The plot of Sky Burial may sound like fiction, but Xinran makes it clear from the beginning that she is telling a true story. After a short introductory note, the author dedicated the entire first chapter to the interview which she led with Shu Wen in a teahouse in the city of Suzhou in 1994. It contains the old woman’s direct-speech look back at life before Tibet interspersed with the interviewer’s explaining remarks and personal impressions of the person opposite. As from Chapter 2 the author switches to third-person narrative to tell the amazing life of Shu Wen in Tibet. Background information concerning Tibet and China, especially her military campaigns in Tibet in 1958, seems to be thoroughly researched. All necessary explanations of Tibetan customs and traditions are skilfully woven into the story without disturbing the flow of the plot. As befits a trained journalist, Xinran’s language is generally clear and unpretentious which makes the biographical novel a pleasure to read. A letter of Xinran addressed to Shu Wen closes the book.

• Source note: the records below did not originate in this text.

(* Let $m,n,p,c$ be positive integers. The number of lattice paths from $(0,0)$ to $(m-pn,m+n)$ using the steps $(1,1)$ and $(-p,1)$ in the plane that intersect the line $x=c$ equals $$\sum_{\substack{s=c\\ s\equiv c \pmod{p+1}}}^{c+\lfloor\frac{m+n-c}{p+1}\rfloor(p+1)}\frac{c}{s}\binom{s}{\frac{s-c}{p+1}}\binom{m+n-s}{n-\frac{s-c}{p+1}}.$$
   Context: A path with steps $(1,1)$ and $(-p,1)$ is regarded as the polygonal curve formed by its steps; it intersects the line $x=c$ if it touches or crosses that line. $\lfloor x\rfloor$ is the floor function. Binomial coefficients $\binom{N}{j}$ with $N\ge0$ equal $0$ when $j<0$ or $j>N$. *)

theory Defs
  imports Complex_Main
begin

text \<open>A path is a list of steps: True = step (1,1), False = step (-p,1).\<close>

definition step_x :: "nat \<Rightarrow> bool \<Rightarrow> int" where
  "step_x p b = (if b then 1 else - int p)"

definition xpos :: "nat \<Rightarrow> bool list \<Rightarrow> nat \<Rightarrow> int" where
  "xpos p w k = (\<Sum>i<k. step_x p (w ! i))"

definition paths_to :: "nat \<Rightarrow> int \<Rightarrow> nat \<Rightarrow> bool list set" where
  "paths_to p a b = {w. length w = b \<and> xpos p w (length w) = a}"

definition intersects_line :: "nat \<Rightarrow> bool list \<Rightarrow> int \<Rightarrow> bool" where
  "intersects_line p w c \<longleftrightarrow>
     (\<exists>k<length w. \<exists>t::real. 0 \<le> t \<and> t \<le> 1 \<and>
        (1 - t) * of_int (xpos p w k) + t * of_int (xpos p w (Suc k)) = of_int c)"

definition binom :: "int \<Rightarrow> int \<Rightarrow> int" where
  "binom N j = (if 0 \<le> j \<and> j \<le> N then int (nat N choose nat j) else 0)"

end

theory Submission
  imports Defs
begin

text \<open>Since right steps have width one, a path meets the line \<open>x = c\<close> (\<open>c > 0\<close>) iff it visits
  a lattice point with abscissa \<open>c\<close>. Cutting at the first such visit splits it uniquely into a
  first-passage path to level \<open>c\<close> and an unrestricted path. The x-coordinate of an endpoint
  determines the number of left steps, so unrestricted paths are counted by a binomial coefficient,
  while first-passage paths of length \<open>c + J(p+1)\<close> are counted by the Raney number
  \<open>c/(c + J(p+1)) * binom(c + J(p+1), J)\<close>: removing the first step gives its recursion.\<close>

lemma xpos_0 [simp]: "xpos p w 0 = 0"
  by (simp add: xpos_def)

lemma xpos_Suc: "xpos p w (Suc k) = xpos p w k + step_x p (w ! k)"
  by (simp add: xpos_def)

lemma xpos_Cons_Suc [simp]: "xpos p (b # w) (Suc k) = step_x p b + xpos p w k"
  unfolding xpos_def sum.lessThan_Suc_shift by simp

lemma xpos_eq_sum_list_take: "k \<le> length w \<Longrightarrow> xpos p w k = (\<Sum>b\<leftarrow>take k w. step_x p b)"
  by (simp add: xpos_def sum_list_sum_nth min_absorb2 lessThan_atLeast0)

lemma xpos_take: "k \<le> s \<Longrightarrow> s \<le> length w \<Longrightarrow> xpos p (take s w) k = xpos p w k"
  by (simp add: xpos_eq_sum_list_take min_absorb1)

For me it has been a very interesting and exciting experience to read Sky Burial by Xinran. During the past decades I read a few books about Tibet. Most of them were accounts of western travellers like Alexandra David-Néel and Heinrich Harrer, but I also came across some very personal stories of exiled Tibetans who had seen and experienced a lot of violence. For those who would like to get a slightly different view at Chinese presence in Tibet, Sky Burial is an excellent starting point. To cut a long story short: I recommend the book.